(Data for this exercise)
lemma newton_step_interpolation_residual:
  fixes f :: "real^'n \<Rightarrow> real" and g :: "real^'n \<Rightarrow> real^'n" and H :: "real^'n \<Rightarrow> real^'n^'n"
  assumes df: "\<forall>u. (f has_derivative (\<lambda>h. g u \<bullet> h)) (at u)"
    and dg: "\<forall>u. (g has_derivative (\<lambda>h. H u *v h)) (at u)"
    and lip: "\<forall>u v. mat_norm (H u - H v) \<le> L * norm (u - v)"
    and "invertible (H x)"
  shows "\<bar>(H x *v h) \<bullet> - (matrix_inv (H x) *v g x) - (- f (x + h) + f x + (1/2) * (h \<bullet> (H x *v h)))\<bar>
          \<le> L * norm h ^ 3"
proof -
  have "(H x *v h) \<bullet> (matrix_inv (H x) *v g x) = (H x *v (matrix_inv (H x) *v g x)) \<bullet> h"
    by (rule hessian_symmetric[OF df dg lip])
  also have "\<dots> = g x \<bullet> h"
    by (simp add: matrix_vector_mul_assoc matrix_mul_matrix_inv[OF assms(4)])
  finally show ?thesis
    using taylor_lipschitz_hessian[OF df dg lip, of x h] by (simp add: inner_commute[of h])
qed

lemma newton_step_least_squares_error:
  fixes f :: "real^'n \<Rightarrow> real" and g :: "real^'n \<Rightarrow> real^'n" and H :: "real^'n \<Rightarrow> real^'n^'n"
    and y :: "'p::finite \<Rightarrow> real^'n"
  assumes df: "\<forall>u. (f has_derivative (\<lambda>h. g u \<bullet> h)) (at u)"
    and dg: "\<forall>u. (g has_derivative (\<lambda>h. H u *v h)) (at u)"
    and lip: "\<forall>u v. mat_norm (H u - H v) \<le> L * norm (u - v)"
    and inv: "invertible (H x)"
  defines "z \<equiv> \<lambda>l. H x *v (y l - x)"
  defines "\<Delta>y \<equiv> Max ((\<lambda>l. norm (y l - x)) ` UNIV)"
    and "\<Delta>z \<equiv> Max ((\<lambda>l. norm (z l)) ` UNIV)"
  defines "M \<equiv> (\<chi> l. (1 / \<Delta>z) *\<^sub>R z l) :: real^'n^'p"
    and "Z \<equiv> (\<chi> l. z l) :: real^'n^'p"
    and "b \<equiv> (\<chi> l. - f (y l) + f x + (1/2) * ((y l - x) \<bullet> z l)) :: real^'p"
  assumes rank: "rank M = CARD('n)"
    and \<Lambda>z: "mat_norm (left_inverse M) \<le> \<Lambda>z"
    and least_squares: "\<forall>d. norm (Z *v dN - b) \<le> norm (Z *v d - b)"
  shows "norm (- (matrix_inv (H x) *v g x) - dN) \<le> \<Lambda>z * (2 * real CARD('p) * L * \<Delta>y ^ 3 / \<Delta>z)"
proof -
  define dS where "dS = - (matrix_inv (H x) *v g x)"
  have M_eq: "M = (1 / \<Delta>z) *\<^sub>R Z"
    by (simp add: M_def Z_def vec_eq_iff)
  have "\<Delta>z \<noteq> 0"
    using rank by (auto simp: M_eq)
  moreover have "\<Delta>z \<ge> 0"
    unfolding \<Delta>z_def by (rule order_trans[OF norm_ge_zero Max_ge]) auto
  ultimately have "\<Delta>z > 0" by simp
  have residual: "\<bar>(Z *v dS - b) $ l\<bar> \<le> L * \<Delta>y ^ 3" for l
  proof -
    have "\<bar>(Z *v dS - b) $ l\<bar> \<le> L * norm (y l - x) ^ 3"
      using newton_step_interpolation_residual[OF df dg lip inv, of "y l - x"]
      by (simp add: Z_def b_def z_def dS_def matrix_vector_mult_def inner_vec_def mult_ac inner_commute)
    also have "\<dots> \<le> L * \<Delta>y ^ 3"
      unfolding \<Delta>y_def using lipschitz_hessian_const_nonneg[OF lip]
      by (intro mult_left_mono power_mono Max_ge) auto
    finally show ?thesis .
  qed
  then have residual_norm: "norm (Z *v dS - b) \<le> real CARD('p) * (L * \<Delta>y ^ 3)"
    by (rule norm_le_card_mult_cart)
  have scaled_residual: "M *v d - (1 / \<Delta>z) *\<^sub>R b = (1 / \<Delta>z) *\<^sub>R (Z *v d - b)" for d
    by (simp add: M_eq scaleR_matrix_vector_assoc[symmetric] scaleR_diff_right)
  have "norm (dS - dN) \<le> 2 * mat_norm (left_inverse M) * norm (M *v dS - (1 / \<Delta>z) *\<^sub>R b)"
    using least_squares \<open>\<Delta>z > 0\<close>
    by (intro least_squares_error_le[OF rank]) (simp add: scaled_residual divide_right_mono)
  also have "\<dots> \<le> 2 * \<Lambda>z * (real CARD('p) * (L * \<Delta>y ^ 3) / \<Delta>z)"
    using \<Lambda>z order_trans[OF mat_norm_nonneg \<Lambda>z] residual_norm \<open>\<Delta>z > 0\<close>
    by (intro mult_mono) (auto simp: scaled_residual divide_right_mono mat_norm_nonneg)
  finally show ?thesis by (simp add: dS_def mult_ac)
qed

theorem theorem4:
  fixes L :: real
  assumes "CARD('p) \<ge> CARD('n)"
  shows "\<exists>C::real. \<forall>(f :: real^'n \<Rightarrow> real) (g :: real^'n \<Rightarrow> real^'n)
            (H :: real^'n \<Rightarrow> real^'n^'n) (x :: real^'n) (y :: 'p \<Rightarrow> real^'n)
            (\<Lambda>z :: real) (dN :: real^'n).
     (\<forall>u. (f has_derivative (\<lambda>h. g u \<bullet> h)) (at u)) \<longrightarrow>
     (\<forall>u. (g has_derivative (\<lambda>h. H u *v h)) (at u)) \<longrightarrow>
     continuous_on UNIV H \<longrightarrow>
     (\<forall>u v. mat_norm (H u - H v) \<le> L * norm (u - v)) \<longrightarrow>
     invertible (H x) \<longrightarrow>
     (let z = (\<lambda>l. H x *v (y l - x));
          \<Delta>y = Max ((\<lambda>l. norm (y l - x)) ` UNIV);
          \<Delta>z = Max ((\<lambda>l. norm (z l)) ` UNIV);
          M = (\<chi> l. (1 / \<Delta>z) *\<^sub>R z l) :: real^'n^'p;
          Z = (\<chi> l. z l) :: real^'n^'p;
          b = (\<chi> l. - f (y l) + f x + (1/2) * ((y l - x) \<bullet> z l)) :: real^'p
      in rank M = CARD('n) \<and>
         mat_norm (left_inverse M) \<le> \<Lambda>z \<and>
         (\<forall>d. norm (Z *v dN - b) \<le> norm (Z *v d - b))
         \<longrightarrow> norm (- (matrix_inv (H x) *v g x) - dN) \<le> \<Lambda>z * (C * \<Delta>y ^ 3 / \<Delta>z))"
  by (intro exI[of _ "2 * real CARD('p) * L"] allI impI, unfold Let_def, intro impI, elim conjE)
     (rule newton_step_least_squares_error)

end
(End Data for this exercise)
[Assignment]:
From the records above, reproduce exactly the lines from the one with "by (rule norm_le_card_mult_cart)" to the one with "(\<forall>u. (g has_derivative", both included, and no others.

[Written solution]:
    by (rule norm_le_card_mult_cart)
  have scaled_residual: "M *v d - (1 / \<Delta>z) *\<^sub>R b = (1 / \<Delta>z) *\<^sub>R (Z *v d - b)" for d
    by (simp add: M_eq scaleR_matrix_vector_assoc[symmetric] scaleR_diff_right)
  have "norm (dS - dN) \<le> 2 * mat_norm (left_inverse M) * norm (M *v dS - (1 / \<Delta>z) *\<^sub>R b)"
    using least_squares \<open>\<Delta>z > 0\<close>
    by (intro least_squares_error_le[OF rank]) (simp add: scaled_residual divide_right_mono)
  also have "\<dots> \<le> 2 * \<Lambda>z * (real CARD('p) * (L * \<Delta>y ^ 3) / \<Delta>z)"
    using \<Lambda>z order_trans[OF mat_norm_nonneg \<Lambda>z] residual_norm \<open>\<Delta>z > 0\<close>
    by (intro mult_mono) (auto simp: scaled_residual divide_right_mono mat_norm_nonneg)
  finally show ?thesis by (simp add: dS_def mult_ac)
qed

theorem theorem4:
  fixes L :: real
  assumes "CARD('p) \<ge> CARD('n)"
  shows "\<exists>C::real. \<forall>(f :: real^'n \<Rightarrow> real) (g :: real^'n \<Rightarrow> real^'n)
            (H :: real^'n \<Rightarrow> real^'n^'n) (x :: real^'n) (y :: 'p \<Rightarrow> real^'n)
            (\<Lambda>z :: real) (dN :: real^'n).
     (\<forall>u. (f has_derivative (\<lambda>h. g u \<bullet> h)) (at u)) \<longrightarrow>
     (\<forall>u. (g has_derivative (\<lambda>h. H u *v h)) (at u)) \<longrightarrow>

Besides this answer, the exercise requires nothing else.